Many students enter classrooms every day bearing Adverse Childhood Experiences (ACEs) that affect their learning, their future health and their ability to succeed in the short and long term. Creating Compassionate Classrooms provides teachers with an understanding of how teachers can help students can overcome adverse childhood experiences (ACEs) by adopting compassionate methodologies in the classroom and learning community.
During the 2016-2017 school year, 104,088 students were reported homeless in New York City alone. While this is just one example of a traumatic event students may face throughout their school year, this is a substantial number of students for whom traditional discipline and management routines will fail. These students, along with others, require a school culture that is built upon compassion, while identifying and supporting their needs and build them a bridge to success.
Participants will learn:
The research and scientific rationale that supports the need for compassionate schooling.

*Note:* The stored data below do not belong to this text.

lemma equilipschitz_pointwise_convergent_subseq:
  fixes g :: "nat \<Rightarrow> 'c::{metric_space, second_countable_topology} \<Rightarrow> 'a::euclidean_space"
  assumes bounded: "\<And>j z. norm (g j z) \<le> B z"
    and lip: "\<And>j z z'. dist (g j z') (g j z) \<le> Q z * dist z' z" and Q: "\<And>z. Q z \<ge> 0"
  obtains \<rho> where "strict_mono \<rho>" "\<And>z. convergent (\<lambda>j. g (\<rho> j) z)"
proof -
  obtain D :: "'c set" where D: "countable D"
    and D_dense: "\<And>X. open X \<Longrightarrow> X \<noteq> {} \<Longrightarrow> \<exists>d\<in>D. d \<in> X"
    using countable_dense_exists by blast
  have "D \<noteq> {}" using D_dense[of UNIV] by auto
  with D have range_D: "range (from_nat_into D) = D" by simp
  have dense: "\<exists>n. dist (from_nat_into D n) z < e" if e: "e > 0" for z e
  proof -
    obtain d where "d \<in> D" "dist z d < e" using D_dense[OF open_ball, of z e] e by auto
    moreover obtain n where "d = from_nat_into D n" using \<open>d \<in> D\<close> range_D by blast
    ultimately show ?thesis by (auto simp: dist_commute)
  qed
  have bounded_D: "bounded (range (\<lambda>j. g j (from_nat_into D n)))" for n
    unfolding bounded_iff using bounded by blast
  obtain \<rho> where \<rho>: "strict_mono \<rho>" and conv: "\<And>n. convergent (\<lambda>j. g (\<rho> j) (from_nat_into D n))"
    using bounded_pointwise_diagonal_subseq[of g "from_nat_into D", OF bounded_D] by blast
  show thesis
    by (rule that[OF \<rho> equilipschitz_convergent_from_dense[OF dense conv lip Q]])
qed

lemma equilipschitz_pointwise_imp_uniform_limit:
  fixes \<phi> :: "nat \<Rightarrow> 'c::metric_space \<Rightarrow> 'a::metric_space"
  assumes S: "compact S" and K: "K \<ge> 0"
    and lip: "\<And>j s t. s \<in> S \<Longrightarrow> t \<in> S \<Longrightarrow> dist (\<phi> j s) (\<phi> j t) \<le> K * dist s t"
    and lim: "\<And>t. t \<in> S \<Longrightarrow> (\<lambda>j. \<phi> j t) \<longlonglongrightarrow> \<psi> t"
  shows "uniform_limit S \<phi> \<psi> sequentially"
proof (rule uniform_limitI)
  fix e :: real assume e: "e > 0"
  have \<psi>_lip: "dist (\<psi> s) (\<psi> t) \<le> K * dist s t" if "s \<in> S" "t \<in> S" for s t
    by (rule LIMSEQ_le_const2[OF tendsto_dist[OF lim lim]]) (use lip that in auto)
  define \<delta> where "\<delta> = e / (3 * (K + 1))"
  have \<delta>: "\<delta> > 0" unfolding \<delta>_def using e K by auto
  have K\<delta>: "K * \<delta> < e / 3" unfolding \<delta>_def using e K by (simp add: field_simps)
  obtain S' where S': "S' \<subseteq> S" "finite S'" "S \<subseteq> (\<Union>t\<in>S'. ball t \<delta>)"
    using compactE_image[OF S, where C = S and f = "\<lambda>t. ball t \<delta>"] \<delta> by force
  have "\<forall>\<^sub>F j in sequentially. \<forall>t'\<in>S'. dist (\<phi> j t') (\<psi> t') < e / 3"
    using S' e by (intro eventually_ball_finite ballI tendstoD[OF lim]) auto
  then show "\<forall>\<^sub>F j in sequentially. \<forall>t\<in>S. dist (\<phi> j t) (\<psi> t) < e"
  proof eventually_elim
    case (elim j)
    show ?case
    proof
      fix t assume t: "t \<in> S"
      then obtain t' where t': "t' \<in> S'" "dist t' t < \<delta>" using S'(3) by auto
      have "K * dist t t' \<le> K * \<delta>" "K * dist t' t \<le> K * \<delta>"
        using t' K by (auto simp: dist_commute intro: mult_left_mono)
      then have "dist (\<phi> j t) (\<phi> j t') < e / 3" "dist (\<psi> t') (\<psi> t) < e / 3"
        using lip[of t t' j] \<psi>_lip[of t' t] t t' S'(1) K\<delta> by auto
      moreover have "dist (\<phi> j t') (\<psi> t') < e / 3" using elim t' by blast
      ultimately show "dist (\<phi> j t) (\<psi> t) < e" by (metis dist_triangle_third)
    qed
  qed
qed

text \<open>Time is clamped to \<open>[0, T]\<close> so that the family lives on the separable space
  \<open>\<real> \<times> 'a\<close> with the same estimates.\<close>

lemma equilipschitz_subseq_uniform_in_time:
  fixes g :: "nat \<Rightarrow> real \<Rightarrow> 'a::euclidean_space \<Rightarrow> 'a"
  assumes L: "L \<ge> 0" and M: "M \<ge> 0"
    and lip: "\<And>j t x y. t \<in> {0..T} \<Longrightarrow> dist (g j t x) (g j t y) \<le> L * dist x y"
    and growth: "\<And>j t x. t \<in> {0..T} \<Longrightarrow> norm (g j t x) \<le> E * (1 + norm x)"
    and time: "\<And>j t s x. t \<in> {0..T} \<Longrightarrow> s \<in> {0..T} \<Longrightarrow>
      dist (g j t x) (g j s x) \<le> M * (1 + norm x) * \<bar>t - s\<bar>"
  shows "\<exists>\<rho> h. strict_mono \<rho> \<and> (\<forall>t\<in>{0..T}. \<forall>x. (\<lambda>j. g (\<rho> j) t x) \<longlonglongrightarrow> h t x) \<and>
    (\<forall>x. uniform_limit {0..T} (\<lambda>j t. g (\<rho> j) t x) (\<lambda>t. h t x) sequentially)"
proof (cases "T \<ge> 0")
  case T: True
  define c where "c t = max 0 (min T t)" for t :: real
  have c: "c t \<in> {0..T}" "\<bar>c t - c s\<bar> \<le> dist (t, x) (s, y)" for t s :: real and x y :: 'a
    unfolding c_def using T dist_fst_le[of "(t, x)" "(s, y)"] by (auto simp: dist_real_def)
  define g' where "g' j z = g j (c (fst z)) (snd z)" for j and z :: "real \<times> 'a"
  have lip': "dist (g' j z') (g' j z) \<le> (L + M * (1 + norm (snd z))) * dist z' z" for j z z'
  proof -
    have "dist (g' j z') (g' j z) \<le> dist (g j (c (fst z')) (snd z')) (g j (c (fst z')) (snd z))
        + dist (g j (c (fst z')) (snd z)) (g j (c (fst z)) (snd z))"
      unfolding g'_def by (rule dist_triangle)
    also have "\<dots> \<le> L * dist (snd z') (snd z) + M * (1 + norm (snd z)) * \<bar>c (fst z') - c (fst z)\<bar>"
      by (intro add_mono lip time c(1))
    also have "\<dots> \<le> L * dist z' z + M * (1 + norm (snd z)) * dist z' z"
      using dist_snd_le[of z' z] c(2)[of "fst z'" "fst z" "snd z'" "snd z"] L M
      by (intro add_mono mult_left_mono) auto
    finally show ?thesis by (simp add: algebra_simps)
  qed
  obtain \<rho> where \<rho>: "strict_mono \<rho>" and conv: "\<And>z. convergent (\<lambda>j. g' (\<rho> j) z)"
    using equilipschitz_pointwise_convergent_subseq[of g' "\<lambda>z. E * (1 + norm (snd z))", OF _ lip']
      growth[OF c(1)] L M unfolding g'_def by auto
  define h where "h t x = lim (\<lambda>j. g' (\<rho> j) (t, x))" for t x
  have lim: "(\<lambda>j. g (\<rho> j) t x) \<longlonglongrightarrow> h t x" if "t \<in> {0..T}" for t x
    using conv[of "(t, x)"] that unfolding h_def g'_def c_def
    by (auto simp: convergent_LIMSEQ_iff)
  have "uniform_limit {0..T} (\<lambda>j t. g (\<rho> j) t x) (\<lambda>t. h t x) sequentially" for x
    using M time lim
    by (intro equilipschitz_pointwise_imp_uniform_limit[where K = "M * (1 + norm x)"])
      (auto simp: dist_real_def)
  with \<rho> lim show ?thesis by blast
next
  case False
  then show ?thesis by (intro exI[of _ id]) (auto simp: strict_mono_def uniform_limit_iff)
qed

section \<open>Push-forwards in the Wasserstein space\<close>

lemma lipschitz_borel_measurable:
  fixes f :: "'a::euclidean_space \<Rightarrow> 'c::euclidean_space"
  assumes "\<And>x y. dist (f x) (f y) \<le> L * dist x y" and "L \<ge> 0"
  shows "f \<in> borel_measurable borel"
  using assms by (intro borel_measurable_continuous_onI lipschitz_on_continuous_on lipschitz_onI)

lemma P1D:
  assumes "\<theta> \<in> P1"
  shows "prob_space \<theta>" "sets \<theta> = sets borel" "integrable \<theta> norm"
  using assms unfolding P1_def by auto

lemma P1_integrable_affine_norm:
  fixes \<theta> :: "'a::euclidean_space measure"
  assumes "\<theta> \<in> P1"
  shows "integrable \<theta> (\<lambda>x. a * (1 + norm x))"
proof -
  interpret prob_space \<theta> using P1D[OF assms] by simp
  show ?thesis using P1D(3)[OF assms] by (intro integrable_mult_right Bochner_Integration.integrable_add) auto
qed

lemma distr_in_prob_algebra:
  assumes "\<theta> \<in> P1" and "h \<in> borel_measurable borel"
  shows "distr \<theta> borel h \<in> space (prob_algebra borel)"
proof -
  interpret prob_space \<theta> using P1D[OF assms(1)] by simp
  have "h \<in> measurable \<theta> borel" using assms(2) by (simp add: measurable_cong_sets[OF P1D(2)[OF assms(1)] refl])
  then show ?thesis unfolding space_prob_algebra by (auto intro: prob_space_distr)
qed

lemma distr_in_P1:
  fixes \<theta> :: "'a::euclidean_space measure"
  assumes \<theta>: "\<theta> \<in> P1" and h: "h \<in> borel_measurable borel"
    and growth: "\<And>x. norm (h x) \<le> E * (1 + norm x)"
  shows "distr \<theta> borel h \<in> P1"
proof -
  interpret prob_space \<theta> using P1D[OF \<theta>] by simp
  have h': "h \<in> measurable \<theta> borel" using h by (simp add: measurable_cong_sets[OF P1D(2)[OF \<theta>] refl])
  have "integrable \<theta> (\<lambda>x. norm (h x))"
    using h' growth
    by (intro Bochner_Integration.integrable_bound[OF P1_integrable_affine_norm[OF \<theta>, of E]] AE_I2)
      (auto intro: order_trans abs_ge_self)
  then show ?thesis
    using prob_space_distr[OF h'] h' unfolding P1_def by (simp add: integrable_distr_eq)
qed

lemma W1_distr_le:
  fixes \<theta> :: "'a::euclidean_space measure"
  assumes s: "sets \<theta> = sets borel" and g: "g \<in> borel_measurable borel" and h: "h \<in> borel_measurable borel"
  shows "W1 (distr \<theta> borel g) (distr \<theta> borel h) \<le> (\<integral>\<^sup>+ x. ennreal (dist (g x) (h x)) \<partial>\<theta>)"
proof -
  have gh: "(\<lambda>x. (g x, h x)) \<in> measurable \<theta> (borel \<Otimes>\<^sub>M borel)"
    using g h by (simp add: measurable_cong_sets[OF s refl])
  define \<gamma> where "\<gamma> = distr \<theta> (borel \<Otimes>\<^sub>M borel) (\<lambda>x. (g x, h x))"
  have "\<gamma> \<in> couplings (distr \<theta> borel g) (distr \<theta> borel h)"
    unfolding couplings_def \<gamma>_def
    using distr_distr[OF measurable_fst gh] distr_distr[OF measurable_snd gh] by (simp add: comp_def)
  then have "W1 (distr \<theta> borel g) (distr \<theta> borel h) \<le> (\<integral>\<^sup>+ z. ennreal (dist (fst z) (snd z)) \<partial>\<gamma>)"
    unfolding W1_def by (rule INF_lower)
  also have "\<dots> = (\<integral>\<^sup>+ x. ennreal (dist (g x) (h x)) \<partial>\<theta>)"
    unfolding \<gamma>_def by (subst nn_integral_distr[OF gh]) (auto intro!: borel_measurable_dist measurable_fst'' measurable_snd'')
  finally show ?thesis .
qed

text \<open>Coupling \<open>\<mu>\<^sub>s\<close> and \<open>\<mu>\<^sub>t\<close> through \<open>\<theta>\<close> bounds their distance by the
  \<open>\<theta>\<close>-average of \<open>|h s x - h t x|\<close>.\<close>

lemma distr_curve_in_CP1:
  fixes \<theta> :: "'a::euclidean_space measure"
  assumes \<theta>: "\<theta> \<in> P1" and meas: "\<And>t. t \<in> {0..T} \<Longrightarrow> h t \<in> borel_measurable borel"
    and growth: "\<And>t x. t \<in> {0..T} \<Longrightarrow> norm (h t x) \<le> E * (1 + norm x)"
    and time: "\<And>t s x. t \<in> {0..T} \<Longrightarrow> s \<in> {0..T} \<Longrightarrow> dist (h t x) (h s x) \<le> M * (1 + norm x) * \<bar>t - s\<bar>"
    and M: "M \<ge> 0"
  shows "(\<lambda>t. distr \<theta> borel (h t)) \<in> CP1 T"
  unfolding CP1_def
proof (intro CollectI conjI ballI)
  fix t assume t: "t \<in> {0..T}"
  show "distr \<theta> borel (h t) \<in> P1" by (rule distr_in_P1[OF \<theta> meas[OF t] growth[OF t]])
  define J where "J = integral\<^sup>L \<theta> (\<lambda>x. 1 + norm x)"
  have bound: "W1 (distr \<theta> borel (h s)) (distr \<theta> borel (h t)) \<le> ennreal (\<bar>s - t\<bar> * M * J)"
    if s: "s \<in> {0..T}" for s
  proof -
    have "W1 (distr \<theta> borel (h s)) (distr \<theta> borel (h t)) \<le> (\<integral>\<^sup>+ x. ennreal (dist (h s x) (h t x)) \<partial>\<theta>)"
      by (rule W1_distr_le[OF P1D(2)[OF \<theta>] meas[OF s] meas[OF t]])
    also have "\<dots> \<le> (\<integral>\<^sup>+ x. ennreal ((\<bar>s - t\<bar> * M) * (1 + norm x)) \<partial>\<theta>)"
      using time[OF s t] by (intro nn_integral_mono ennreal_leI) (simp add: algebra_simps)
    also have "\<dots> = ennreal (integral\<^sup>L \<theta> (\<lambda>x. (\<bar>s - t\<bar> * M) * (1 + norm x)))"
      by (rule nn_integral_eq_integral[OF P1_integrable_affine_norm[OF \<theta>]]) (use M in auto)
    finally show ?thesis unfolding J_def by simp
  qed
  have "((\<lambda>s. ennreal (\<bar>s - t\<bar> * M * J)) \<longlongrightarrow> ennreal (\<bar>t - t\<bar> * M * J)) (at t within {0..T})"
    by (intro tendsto_ennrealI tendsto_intros)
  then have lim: "((\<lambda>s. ennreal (\<bar>s - t\<bar> * M * J)) \<longlongrightarrow> 0) (at t within {0..T})" by simp
  show "((\<lambda>s. W1 (distr \<theta> borel (h s)) (distr \<theta> borel (h t))) \<longlongrightarrow> 0) (at t within {0..T})"
    by (rule tendsto_sandwich[OF _ _ tendsto_const lim])
      (auto simp: eventually_at_filter intro!: always_eventually bound)
qed

lemma SUP_dist_le_lipschitz:
  fixes g h :: "'i \<Rightarrow> 'a::metric_space \<Rightarrow> 'b::metric_space"
  assumes A: "A \<noteq> {}" and bdd: "bdd_above ((\<lambda>i. dist (g i y) (h i y)) ` A)"
    and g: "\<And>i. i \<in> A \<Longrightarrow> dist (g i x) (g i y) \<le> E * dist x y"
    and h: "\<And>i. i \<in> A \<Longrightarrow> dist (h i x) (h i y) \<le> E * dist x y"
  shows "(SUP i\<in>A. dist (g i x) (h i x)) \<le> (SUP i\<in>A. dist (g i y) (h i y)) + 2 * E * dist x y"
proof (rule cSUP_least[OF A])
  fix i assume i: "i \<in> A"
  have "dist (g i x) (h i x) \<le> dist (g i x) (g i y) + dist (g i y) (h i y) + dist (h i y) (h i x)"
    by (metis dist_triangle add_right_mono order_trans)
  also have "\<dots> \<le> E * dist x y + (SUP i\<in>A. dist (g i y) (h i y)) + E * dist x y"
    using g[OF i] h[OF i] cSUP_upper[OF i bdd] by (intro add_mono) (auto simp: dist_commute)
  finally show "dist (g i x) (h i x) \<le> (SUP i\<in>A. dist (g i y) (h i y)) + 2 * E * dist x y"
    by simp
qed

About Adverse Childhood Experiences (ACEs) and those students who are in a continual state of physical and emotional stress or have experienced a singular traumatic event.
The strategies and have the tools and resources to create a compassionate classroom.
The ability to collaborate with colleagues to a create school-wide culture of care.
Create learning conditions that alleviate the interference of traumatic experiences that have been or are beyond the teacher and student’s control.
Examine the Social Emotional Learning (SEL) standards that define student competencies needed to succeed.